Gelderland authorises killing of wolf who bit woman twice

Gelderland province has authorised the shooting of a wolf that twice bit a woman who was running in the Veluwe national park in April.
A DNA test confirmed a wolf had bitten the woman, and that means there is “a risk to public safety”, the provincial authorities told local broadcaster Omroep Gelderland.
The province said that based on expert opinion, witness statements and video footage, the wolf’s behaviour was “purposeful and aggressive” and therefore atypical.
The wolf, which may have been involved in other close encounters with people, came after the woman and would not be chased away, the province concluded. The wolf should therefore be labelled a “problem” and be shot, seeing that alternative measures such as fencing and chasing it away do not work in this case.
The situation is so urgent that opponents of the decision have only been given two days to protest.
However, animal protection organisation Faunabeheer said it wants to study the decision in detail and has asked the court to force the province to give them more time. Otherwise the wolf could be killed as early as this weekend, chairman Niko Koffeman said.

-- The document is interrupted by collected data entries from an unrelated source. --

text \<open>The value at \<open>(x, y)\<close> of the degree \<open>D\<close> homogenisation \<open>Y\<^sup>D p(X/Y)\<close> of \<open>p\<close>.\<close>

definition homog_eval :: "nat \<Rightarrow> 'a::field poly \<Rightarrow> 'a \<times> 'a \<Rightarrow> 'a" where
  "homog_eval D p z = (\<Sum>i\<le>D. coeff p i * fst z ^ i * snd z ^ (D - i))"

lemma homog_eval_affine:
  assumes "degree p \<le> D" "snd z \<noteq> 0"
  shows "homog_eval D p z = snd z ^ D * poly p (fst z / snd z)"
proof -
  have "snd z ^ D * poly p (fst z / snd z) = (\<Sum>i\<le>D. snd z ^ D * (coeff p i * (fst z / snd z) ^ i))"
    by (subst poly_as_sum_of_monoms'[OF assms(1), symmetric])
      (simp add: poly_sum poly_monom sum_distrib_left)
  also have "\<dots> = (\<Sum>i\<le>D. coeff p i * fst z ^ i * snd z ^ (D - i))"
  proof (rule sum.cong[OF refl])
    fix i assume "i \<in> {..D}"
    then have "snd z ^ D = snd z ^ i * snd z ^ (D - i)" by (simp flip: power_add)
    then show "snd z ^ D * (coeff p i * (fst z / snd z) ^ i) = coeff p i * fst z ^ i * snd z ^ (D - i)"
      using assms(2) by (simp add: power_divide field_simps)
  qed
  finally show ?thesis by (simp add: homog_eval_def)
qed

lemma homog_eval_infinity:
  assumes "snd z = 0"
  shows "homog_eval D p z = coeff p D * fst z ^ D"
proof -
  have "homog_eval D p z = (\<Sum>i\<le>D. if i = D then coeff p D * fst z ^ D else 0)"
    unfolding homog_eval_def using assms by (intro sum.cong) auto
  then show ?thesis by simp
qed

lemma homog_eval_0 [simp]: "homog_eval D 0 z = 0"
  by (simp add: homog_eval_def)

lemma homog_eval_add: "homog_eval D (p + p') z = homog_eval D p z + homog_eval D p' z"
  by (simp add: homog_eval_def algebra_simps sum.distrib)

lemma homog_eval_diff: "homog_eval D (p - p') z = homog_eval D p z - homog_eval D p' z"
  by (simp add: homog_eval_def algebra_simps sum_subtractf)

lemma homog_eval_smult: "homog_eval D (smult c p) z = c * homog_eval D p z"
  by (simp add: homog_eval_def sum_distrib_left algebra_simps)

lemma homog_eval_sum: "homog_eval D (\<Sum>k\<in>A. f k) z = (\<Sum>k\<in>A. homog_eval D (f k) z)"
  by (induct A rule: infinite_finite_induct) (simp_all add: homog_eval_add)

lemma homog_eval_monom:
  assumes "i \<le> D"
  shows "homog_eval D (monom 1 i) z = fst z ^ i * snd z ^ (D - i)"
proof -
  have "homog_eval D (monom 1 i) z = (\<Sum>k\<le>D. if k = i then fst z ^ i * snd z ^ (D - i) else 0)"
    unfolding homog_eval_def by (intro sum.cong) (auto simp: coeff_monom)
  then show ?thesis using assms by simp
qed

lemma degree_sum_smult_monom_le:
  fixes c :: "nat \<Rightarrow> 'a::field"
  shows "degree (\<Sum>i<n. smult (c i) (monom 1 i)) \<le> n - 1"
proof (rule degree_sum_le)
  fix i assume "i \<in> {..<n}"
  then have "degree (monom (1::'a) i) \<le> n - 1" by (simp add: degree_monom_eq)
  then show "degree (smult (c i) (monom 1 i)) \<le> n - 1" using degree_smult_le order_trans by blast
qed simp

lemma coeff_mult_le_degree_sum:
  assumes "degree p \<le> D1" "degree p' \<le> D2"
  shows "coeff (p * p') (D1 + D2) = coeff p D1 * coeff p' D2"
proof -
  have "coeff p i * coeff p' (D1 + D2 - i) = (if i = D1 then coeff p D1 * coeff p' D2 else 0)" for i
  proof (cases "i < D1")
    case True
    then have "coeff p' (D1 + D2 - i) = 0" using assms(2) by (intro coeff_eq_0) auto
    then show ?thesis using True by simp
  next
    case False
    then show ?thesis using assms(1) by (cases "i = D1") (auto simp: coeff_eq_0)
  qed
  then show ?thesis by (simp add: coeff_mult)
qed

lemma homog_eval_mult:
  assumes "degree p \<le> D1" "degree p' \<le> D2"
  shows "homog_eval (D1 + D2) (p * p') z = homog_eval D1 p z * homog_eval D2 p' z"
proof (cases "snd z = 0")
  case True
  then show ?thesis by (simp add: homog_eval_infinity coeff_mult_le_degree_sum[OF assms] power_add)
next
  case False
  have "degree (p * p') \<le> D1 + D2" using assms degree_mult_le[of p p'] by simp
  then show ?thesis using False assms by (simp add: homog_eval_affine power_add)
qed

lemma degree_power_le_mult: "degree p \<le> d \<Longrightarrow> degree (p ^ l) \<le> d * l"
  by (metis degree_power_le le_trans mult.commute mult_le_mono1)

lemma homog_eval_power:
  assumes "degree p \<le> d"
  shows "homog_eval (d * l) (p ^ l) z = homog_eval d p z ^ l"
proof (induct l)
  case (Suc l)
  have "homog_eval (d + d * l) (p * p ^ l) z = homog_eval d p z * homog_eval (d * l) (p ^ l) z"
    using assms degree_power_le_mult[OF assms] by (intro homog_eval_mult)
  then show ?case using Suc by simp
qed (simp add: homog_eval_def)

text \<open>The affine zeros are roots of \<open>p\<close>, and the point at infinity is a zero only if
  \<open>degree p < D\<close>.\<close>

lemma card_homog_zeros_le:
  fixes p :: "'a::field poly"
  assumes f: "proj_injective f I" and p: "p \<noteq> 0" "degree p \<le> D"
    and zero: "\<forall>i\<in>I. homog_eval D p (f i) = 0"
  shows "card I \<le> D"
proof (cases "finite I")
  case True
  define I_inf where "I_inf = {i\<in>I. snd (f i) = 0}"
  define I_fin where "I_fin = {i\<in>I. snd (f i) \<noteq> 0}"
  have card_I: "card I = card I_inf + card I_fin"
    using True unfolding I_inf_def I_fin_def
    by (subst card_Un_disjoint[symmetric]) (auto intro: arg_cong[where f = card])
  have "inj_on (\<lambda>i. fst (f i) / snd (f i)) I_fin"
  proof (rule inj_onI)
    fix i j assume i: "i \<in> I_fin" and j: "j \<in> I_fin"
      and eq: "fst (f i) / snd (f i) = fst (f j) / snd (f j)"
    have "f j = (snd (f j) / snd (f i) * fst (f i), snd (f j) / snd (f i) * snd (f i))"
      using i j eq by (auto simp: I_fin_def field_simps prod_eq_iff)
    then show "i = j" using f i j unfolding proj_injective_def I_fin_def by blast
  qed
  moreover have "(\<lambda>i. fst (f i) / snd (f i)) ` I_fin \<subseteq> {x. poly p x = 0}"
  proof
    fix x assume "x \<in> (\<lambda>i. fst (f i) / snd (f i)) ` I_fin"
    then obtain i where i: "i \<in> I_fin" "x = fst (f i) / snd (f i)" by blast
    then have "snd (f i) ^ D * poly p x = 0"
      using zero homog_eval_affine[OF p(2), of "f i"] by (auto simp: I_fin_def)
    then show "x \<in> {x. poly p x = 0}" using i by (auto simp: I_fin_def)
  qed
  ultimately have "card I_fin \<le> card {x. poly p x = 0}"
    using poly_roots_finite[OF p(1)] by (metis card_image card_mono)
  then have card_fin: "card I_fin \<le> degree p" using card_poly_roots_bound[OF p(1)] by linarith
  show ?thesis
  proof (cases "I_inf = {}")
    case True
    then show ?thesis using card_I card_fin p(2) by simp
  next
    case False
    then obtain i where i: "i \<in> I_inf" by blast
    have fst_nz: "fst (f j) \<noteq> 0" if "j \<in> I_inf" for j
      using f that unfolding proj_injective_def I_inf_def by (auto simp: prod_eq_iff)
    have "j = i" if "j \<in> I_inf" for j
    proof -
      have "f j = (fst (f j) / fst (f i) * fst (f i), fst (f j) / fst (f i) * snd (f i))"
        using that i fst_nz[OF i] by (auto simp: I_inf_def prod_eq_iff)
      then show ?thesis using f i that unfolding proj_injective_def I_inf_def by blast
    qed
    then have "I_inf \<subseteq> {i}" by blast
    then have "card I_inf \<le> 1" using card_mono[of "{i}"] by simp
    moreover have "coeff p D = 0"
      using zero i fst_nz[OF i] by (auto simp: I_inf_def homog_eval_infinity)
    then have "degree p \<noteq> D" using p(1) by (metis leading_coeff_0_iff)
    ultimately show ?thesis using card_I card_fin p(2) by simp
  qed
qed simp
lemma first_pivot_insert:
  assumes \<sigma>: "\<sigma> \<in> NBC V E rk" "\<pi> \<subseteq> \<sigma>" and k: "first_pivot \<sigma> k" "k \<notin> \<sigma>"
  shows "first_pivot (insert k \<sigma>) k"
proof -
  let ?\<tau> = "insert k \<sigma>"
  have k_NBC: "?\<tau> \<in> NBC V E rk"
    using k by (simp add: first_pivot_def pivot_def)
  have "\<not> on_fund_cycle V E ?\<tau> i k" if i: "i \<in> Nabla" "rk i < rk k" "i \<notin> ?\<tau>" for i
  proof
    assume "on_fund_cycle V E ?\<tau> i k"
    then obtain C where C: "is_cycle V E C" "C \<subseteq> ?\<tau> \<union> {i}" "k \<in> C"
      unfolding on_fund_cycle_def by blast
    have "C - {k} \<subseteq> insert i \<sigma>"
      using C(2) by auto
    then have "connects (insert i \<sigma>) k"
      by (rule connects_mono[OF cycle_minus_connects[OF C(1,3)]])
    moreover have "connects \<sigma> i"
      using connects_below_first_pivot[OF \<sigma> k(1) i(1)] i(2,3) by simp
    ultimately have "connects \<sigma> k"
      by (rule connects_insertD)
    then show False
      using NBC_insert_imp_not_connects[OF k_NBC k(2)] by contradiction
  qed
  then have "pivot ?\<tau> k"
    by (simp add: pivot_def)
  moreover have "\<not> pivot ?\<tau> e" if e: "e \<in> Nabla" "rk e < rk k" for e
  proof -
    have "\<not> pivot \<sigma> e"
      using k(1) e by (simp add: first_pivot_def)
    moreover have "e \<noteq> k"
      using e(2) by blast
    ultimately show ?thesis
      using NBC_subset_closed[of "insert e ?\<tau>" "insert e \<sigma>"] e(2)
      by (auto simp: pivot_def dest: on_fund_cycle_mono[of _ _ \<sigma> _ _ ?\<tau>])
  qed
  ultimately show ?thesis
    using k(1) by (simp add: first_pivot_def)
qed
lemma mult_add_eq_iff:
  fixes a b a' b' n :: nat
  assumes "b < n" "b' < n"
  shows "a * n + b = a' * n + b' \<longleftrightarrow> a = a' \<and> b = b'"
proof
  assume eq: "a * n + b = a' * n + b'"
  have "(a * n + b) mod n = b" "(a' * n + b') mod n = b'" using assms by simp_all
  moreover have "(a * n + b) div n = a" "(a' * n + b') div n = a'" using assms by simp_all
  ultimately show "a = a' \<and> b = b'" using eq by metis
qed simp

definition grid_code :: "nat \<Rightarrow> nat \<times> nat \<times> nat \<Rightarrow> nat" where
  "grid_code n = (\<lambda>(s, i, j). (s * n + i) * n + j)"

lemma inj_on_grid_code: "inj_on (grid_code n) (grid n)"
  by (rule inj_onI) (auto simp: grid_def grid_code_def mult_add_eq_iff)

lemma grid_code_less:
  assumes "x \<in> grid n"
  shows "grid_code n x < 2 * n * n"
proof -
  obtain s i j where x: "x = (s, i, j)" "s < 2" "i < n" "j < n" using assms by (auto simp: grid_def)
  have "(s * n + i) * n + j < (s * n + i + 1) * n" using x(4) by simp
  also have "\<dots> \<le> (2 * n) * n" using x(2,3) by (intro mult_right_mono) (auto simp: less_2_cases_iff)
  finally show ?thesis by (simp add: x(1) grid_code_def)
qed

“There is no such thing as a two-day objection procedure,” Koffeman said. “If this wolf is really that dangerous, I’m surprised the park has been open to the public for the last three weeks. The public should have been warned off,” he said.
Gelderland and the Veluwe park authorities have long called for stricter measures against wolves. Attempts by the province to chase the wolves away with a paintball gun were banned in court while Veluwe national park was recently denied permission to shoot wolves, which they claim are decimating the mouflon sheep herd.
On Thursday, the European parliament will vote on changing the wolf’s protected status after agreeing on Tuesday to speed up the process.
MEPs will then vote on whether the wolf’s status should be downgraded from “strictly protected” to “protected”, which would allow authorised culls.